Spark Summit East 2016 was held last week in New York City and hosted over 1,300 attendees representing 500+ companies. As Spark’s popularity continues to surge, the unsurprisingly sold out venue delivered on great content through the use cases of Netflix, Bloomberg, Comcast, Capital One, and The Weather Company. Participants looked behind the curtain of Spark 2.0 as Databricks Co-Founder & CTO, Matei Zaharia, shared nuggets of insight on what’s to come and set precedent to a new buzzword, “continuous applications.”
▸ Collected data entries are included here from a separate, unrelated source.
(* Let $p,q>0$ and $\alpha,\beta,\nu,\gamma\in\mathbb{R}$ with $\nu\ln p\neq\alpha\ln q$ (equivalently $p^\nu\neq q^\alpha$). Define for $n\in\mathbb{N}$ $$f(n)=q^{\beta}\left(\frac{p^{n\nu}-q^{n\alpha}}{p^{\nu}-q^{\alpha}}+2\gamma\,\frac{p^{n\nu}-(-1)^{n}q^{n\alpha}}{p^{\nu}+q^{\alpha}}\right).$$ Then $f(n)>0$ for all integers $n\geq 1$ provided that $-2\gamma<1$ in the case $\nu\ln p>\alpha\ln q$, and $-1<2\gamma<-\dfrac{p^{\nu}+q^{\alpha}}{p^{\nu}-q^{\alpha}}$ in the case $\nu\ln p<\alpha\ln q$.
   Context: $f$ is the structure function of the $(p,q;\alpha,\beta,\nu;\gamma)$-deformed oscillator algebra (defined by $aa^{\dagger}-p^{\nu}a^{\dagger}a=(1+2\gamma K)q^{\alpha N+\beta}$, $[N,a]=-a$, $[N,a^\dagger]=a^\dagger$, $Ka=-aK$, $Ka^\dagger=-a^\dagger K$, $[N,K]=0$) in the case $p^\nu\neq q^\alpha$; note $f(0)=0$. *)

theory Defs
  imports Complex_Main
begin

definition f_struct :: "real \<Rightarrow> real \<Rightarrow> real \<Rightarrow> real \<Rightarrow> real \<Rightarrow> real \<Rightarrow> nat \<Rightarrow> real" where
  "f_struct p q \<alpha> \<beta> \<nu> \<gamma> n =
     q powr \<beta> * ((p powr (real n * \<nu>) - q powr (real n * \<alpha>)) / (p powr \<nu> - q powr \<alpha>)
       + 2 * \<gamma> * (p powr (real n * \<nu>) - (-1) ^ n * q powr (real n * \<alpha>)) / (p powr \<nu> + q powr \<alpha>))"

end

theory Submission
  imports Defs
begin

text \<open>Put \<open>a = p powr \<nu>\<close>, \<open>b = q powr \<alpha>\<close> and \<open>g = 2\<gamma>\<close>; then \<open>f n = q powr \<beta> * (S + g T)\<close>
  with \<open>S = \<Sum>k<n. a^k b^(n-1-k)\<close> and \<open>T = \<Sum>k<n. a^k (-b)^(n-1-k)\<close>.
  Hence \<open>S > 0\<close>, \<open>|T| \<le> S\<close>, and \<open>T \<ge> 0\<close> unless \<open>n\<close> is even and \<open>a < b\<close>;
  so \<open>S + g T \<ge> (1 + min 0 g) S > 0\<close> whenever \<open>g > -1\<close>. In the remaining case
  \<open>S + g T = (a^n - b^n) (1/(a - b) + g/(a + b))\<close> is a product of two negative factors,
  which is exactly what the upper bound on \<open>g\<close> guarantees.\<close>

lemma diff_power_quotient_eq_sum:
  fixes x y :: "'a::field"
  assumes "x \<noteq> y"
  shows "(x ^ n - y ^ n) / (x - y) = (\<Sum>k<n. y ^ (n - Suc k) * x ^ k)"
  using assms by (simp add: power_diff_sumr2)

lemma diff_power_quotient_pos:
  fixes a b :: real
  assumes "0 < a" "0 < b" "a \<noteq> b" "1 \<le> n"
  shows "0 < (a ^ n - b ^ n) / (a - b)"
proof -
  have "0 < (\<Sum>k<n. b ^ (n - Suc k) * a ^ k)"
    using assms by (intro sum_pos) (auto simp: lessThan_empty_iff)
  then show ?thesis
    using assms(3) by (simp add: diff_power_quotient_eq_sum)
qed

lemma abs_alt_power_quotient_le:
  fixes a b :: real
  assumes "0 \<le> a" "0 \<le> b" "a \<noteq> b"
  shows "\<bar>(a ^ n - (-1) ^ n * b ^ n) / (a + b)\<bar> \<le> (a ^ n - b ^ n) / (a - b)"
proof -
  have "a \<noteq> - b"
    using assms by linarith
  then have "(a ^ n - (-1) ^ n * b ^ n) / (a + b) = (\<Sum>k<n. (- b) ^ (n - Suc k) * a ^ k)"
    using diff_power_quotient_eq_sum[of a "- b" n] by (simp add: power_minus')
  also have "\<bar>\<dots>\<bar> \<le> (\<Sum>k<n. \<bar>(- b) ^ (n - Suc k) * a ^ k\<bar>)"
    by (rule sum_abs)
  also have "\<dots> = (\<Sum>k<n. b ^ (n - Suc k) * a ^ k)"
    using assms by (simp add: abs_mult power_abs)
  also have "\<dots> = (a ^ n - b ^ n) / (a - b)"
    using assms(3) by (simp add: diff_power_quotient_eq_sum)
  finally show ?thesis .
qed

lemma alt_power_quotient_nonneg:
  fixes a b :: real
  assumes "0 \<le> a" "0 \<le> b" "odd n \<or> b \<le> a"
  shows "0 \<le> (a ^ n - (-1) ^ n * b ^ n) / (a + b)"
proof -
  have "(-1) ^ n * b ^ n \<le> a ^ n"
  proof (cases "even n")
    case True
    then show ?thesis
      using assms by (auto intro: power_mono)
  next
    case False
    moreover have "0 \<le> a ^ n" and "0 \<le> b ^ n"
      using assms by simp_all
    ultimately show ?thesis
      by simp
  qed
  then show ?thesis
    using assms by simp
qed

lemma deformed_power_quotient_pos:
  fixes a b g :: real
  assumes a: "0 < a" and b: "0 < b" and ab: "a \<noteq> b" and n: "1 \<le> n"
    and g_lower: "-1 < g" and g_upper: "a < b \<longrightarrow> g < - (a + b) / (a - b)"
  shows "0 < (a ^ n - b ^ n) / (a - b) + g * (a ^ n - (-1) ^ n * b ^ n) / (a + b)"
proof (cases "even n \<and> a < b")
  case True
  have "a ^ n < b ^ n"
    using True a n by (intro power_strict_mono) auto
  moreover have "1 / (a - b) + g / (a + b) < 0"
  proof -
    have "a - b < 0" and "0 < a + b"
      using True a b by auto
    moreover have "- (a + b) < g * (a - b)"
      using True g_upper \<open>a - b < 0\<close> by (simp add: less_divide_eq)
    moreover have "1 / (a - b) + g / (a + b) = (a + b + g * (a - b)) / ((a - b) * (a + b))"
      using \<open>a - b < 0\<close> \<open>0 < a + b\<close> by (simp add: field_simps)
    ultimately show ?thesis
      by (simp add: divide_pos_neg mult_neg_pos)
  qed
  moreover have "(a ^ n - b ^ n) / (a - b) + g * (a ^ n - (-1) ^ n * b ^ n) / (a + b)
      = (a ^ n - b ^ n) * (1 / (a - b) + g / (a + b))"
    using True a b by (simp add: field_simps)
  ultimately show ?thesis
    by (simp add: mult_neg_neg)
next
  case False
  define S where "S = (a ^ n - b ^ n) / (a - b)"
  define T where "T = (a ^ n - (-1) ^ n * b ^ n) / (a + b)"
  have "0 < S"
    unfolding S_def using a b ab n by (rule diff_power_quotient_pos)
  have "0 \<le> T"
    unfolding T_def using False ab a b by (intro alt_power_quotient_nonneg) auto
  have "T \<le> S"
    unfolding S_def T_def using ab a b abs_alt_power_quotient_le[of a b n] by linarith
  have "0 < S + g * T"
  proof (cases "0 \<le> g")
    case True
    then show ?thesis
      using \<open>0 < S\<close> \<open>0 \<le> T\<close> by (simp add: add_pos_nonneg)
  next
    case False
    then have "g * S \<le> g * T"
      using \<open>T \<le> S\<close> by (simp add: mult_left_mono_neg)
    moreover have "0 < (1 + g) * S"
      using g_lower \<open>0 < S\<close> by simp
    ultimately show ?thesis
      by (simp add: algebra_simps)
  qed
  then show ?thesis
    unfolding S_def T_def by simp
qed

theorem proposition2:
  fixes p q \<alpha> \<beta> \<nu> \<gamma> :: real
  assumes "p > 0" and "q > 0"
    and "\<nu> * ln p \<noteq> \<alpha> * ln q"
    and "\<nu> * ln p > \<alpha> * ln q \<longrightarrow> -2 * \<gamma> < 1"
    and "\<nu> * ln p < \<alpha> * ln q \<longrightarrow>
           -1 < 2 * \<gamma> \<and> 2 * \<gamma> < - (p powr \<nu> + q powr \<alpha>) / (p powr \<nu> - q powr \<alpha>)"
  shows "\<forall>n::nat. n \<ge> 1 \<longrightarrow> f_struct p q \<alpha> \<beta> \<nu> \<gamma> n > 0"
proof (intro allI impI)
  fix n :: nat
  assume n: "n \<ge> 1"
  define a where "a = p powr \<nu>"
  define b where "b = q powr \<alpha>"
  have a: "0 < a" and b: "0 < b"
    using assms(1,2) unfolding a_def b_def by auto
  have "ln a = \<nu> * ln p" and "ln b = \<alpha> * ln q"
    unfolding a_def b_def by simp_all
  then have less_iff: "a < b \<longleftrightarrow> \<nu> * ln p < \<alpha> * ln q" and ab: "a \<noteq> b"
    using a b assms(3) ln_less_cancel_iff[OF a b] by auto
  have "-1 < 2 * \<gamma>" and "a < b \<longrightarrow> 2 * \<gamma> < - (a + b) / (a - b)"
    using assms(3-5) less_iff unfolding a_def b_def by auto
  then have "0 < (a ^ n - b ^ n) / (a - b) + 2 * \<gamma> * (a ^ n - (-1) ^ n * b ^ n) / (a + b)"
    using deformed_power_quotient_pos a b ab n by blast
  moreover have "p powr (real n * \<nu>) = a ^ n" and "q powr (real n * \<alpha>) = b ^ n"
    using assms(1,2) unfolding a_def b_def by (simp_all add: powr_power)
  ultimately show "f_struct p q \<alpha> \<beta> \<nu> \<gamma> n > 0"
    unfolding f_struct_def a_def b_def using assms(2) by simp
qed

end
Organizations are growing increasingly impatient and want access to data that is being produced in real-time. Business users want insight faster. On one extreme, not responding to customer’s needs and feedback immediately can have serious business consequences – think brand reputation impact from social sources like Twitter and Facebook when things get sour. Additionally, consumers expect to have data and information right at their fingertips and hold organizations to the same standard.

Spark is an answer to this business problem and consumer’s growing demand for immediate access to information and real-time customer service. Spark enables businesses to steer away from a batched architecture and achieve those ‘light-bulb’ moments quicker and in real-time. This is fast data.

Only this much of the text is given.